Visualize RGB clusters in 3D RGB-space, from a few different perspectives.

In [None]:
fig = plot_rgb_distribution(rgb_props, f"{title} RGB distribution")
camera = dict(eye=dict(x=2.5, y=0, z=0))  # rotate to x axis
fig.update_layout(scene_camera=camera, title='eye = (x:2.5., y:0, z:0.)')
fig.write_image(join(output_directory, title + '.rgb.x.png'))
camera = dict(eye=dict(x=0, y=2.5, z=0))  # rotate to y axis
fig.update_layout(scene_camera=camera, title='eye = (x:0., y:2.5, z:0.)')
fig.write_image(join(output_directory, title + '.rgb.y.png'))
camera = dict(eye=dict(x=0, y=0, z=2.5))  # rotate to z axis
fig.update_layout(scene_camera=camera, title='eye = (x:0., y:0, z:2.5.)')
fig.write_image(join(output_directory, title + '.rgb.z.png'))
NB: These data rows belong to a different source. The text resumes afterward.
lemma extend_center_box:
  assumes y: "y > 0" and u: "u \<in> center_box w y" and i: "i \<le> length w"
  shows "0 < extend w u i \<and> extend w u i < (if even i then y else 1)"
proof -
  define \<delta> where "\<delta> = min y 1 / (4 * 3 ^ length w)"
  have "0 \<le> \<delta>" unfolding \<delta>_def using y by simp
  define x where "x j = (if j \<in> gen_vertices w then u j - center y j else 0)" for j
  have "\<bar>x j\<bar> \<le> \<delta>" for j
    using u \<open>0 \<le> \<delta>\<close> unfolding x_def \<delta>_def center_box_def by (auto simp: PiE_def Pi_def abs_le_iff)
  then have "\<bar>extend w x i\<bar> \<le> 3 ^ i * \<delta>" by (rule extend_abs_bound)
  also have "\<dots> \<le> 3 ^ length w * \<delta>" using i \<open>0 \<le> \<delta>\<close> by (intro mult_right_mono power_increasing) auto
  also have "\<dots> = min y 1 / 4" unfolding \<delta>_def by simp
  also have "extend w x i = extend w (\<lambda>j. u j - center y j) i"
    by (rule extend_cong[OF _ i]) (simp add: x_def)
  also have "\<dots> = extend w u i - center y i" by (simp add: extend_diff extend_center)
  finally have "\<bar>extend w u i - center y i\<bar> \<le> min y 1 / 4" .
  then have "extend w u i - center y i \<le> min y 1 / 4" "center y i - extend w u i \<le> min y 1 / 4"
    by linarith+
  moreover have "min y 1 \<le> y" "min y 1 \<le> 1" by simp_all
  moreover have "center y i = (if even i then y / 2 else 1 / 2)" by (simp add: center_def)
  ultimately show ?thesis using y by (cases "even i") simp_all
qed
Visualize hue distribution as a radial bar plot.

In [None]:
# radial bar plot for color distribution
fig = plot_hue_distribution(hsv_props, f"{title} hue distribution")
fig.write_image(join(output_directory, title + '.hue.png'))

TODO: repeat the analysis separately for each combination of treatment and date (maybe also for a few plants individually).

## Overview

Image preprocessing steps are applied including Gaussian blur and an adaptive threshold, followed by contour detection and an optional hue filter. For *sarracenia* we exclude blues & purples to remove. K-means clustering is then used to average the image, assigning each pixel to its nearest centroid. Averaged pixels are counted, then grouped and analyzed by plant, timestamp, and fertilizer treatment.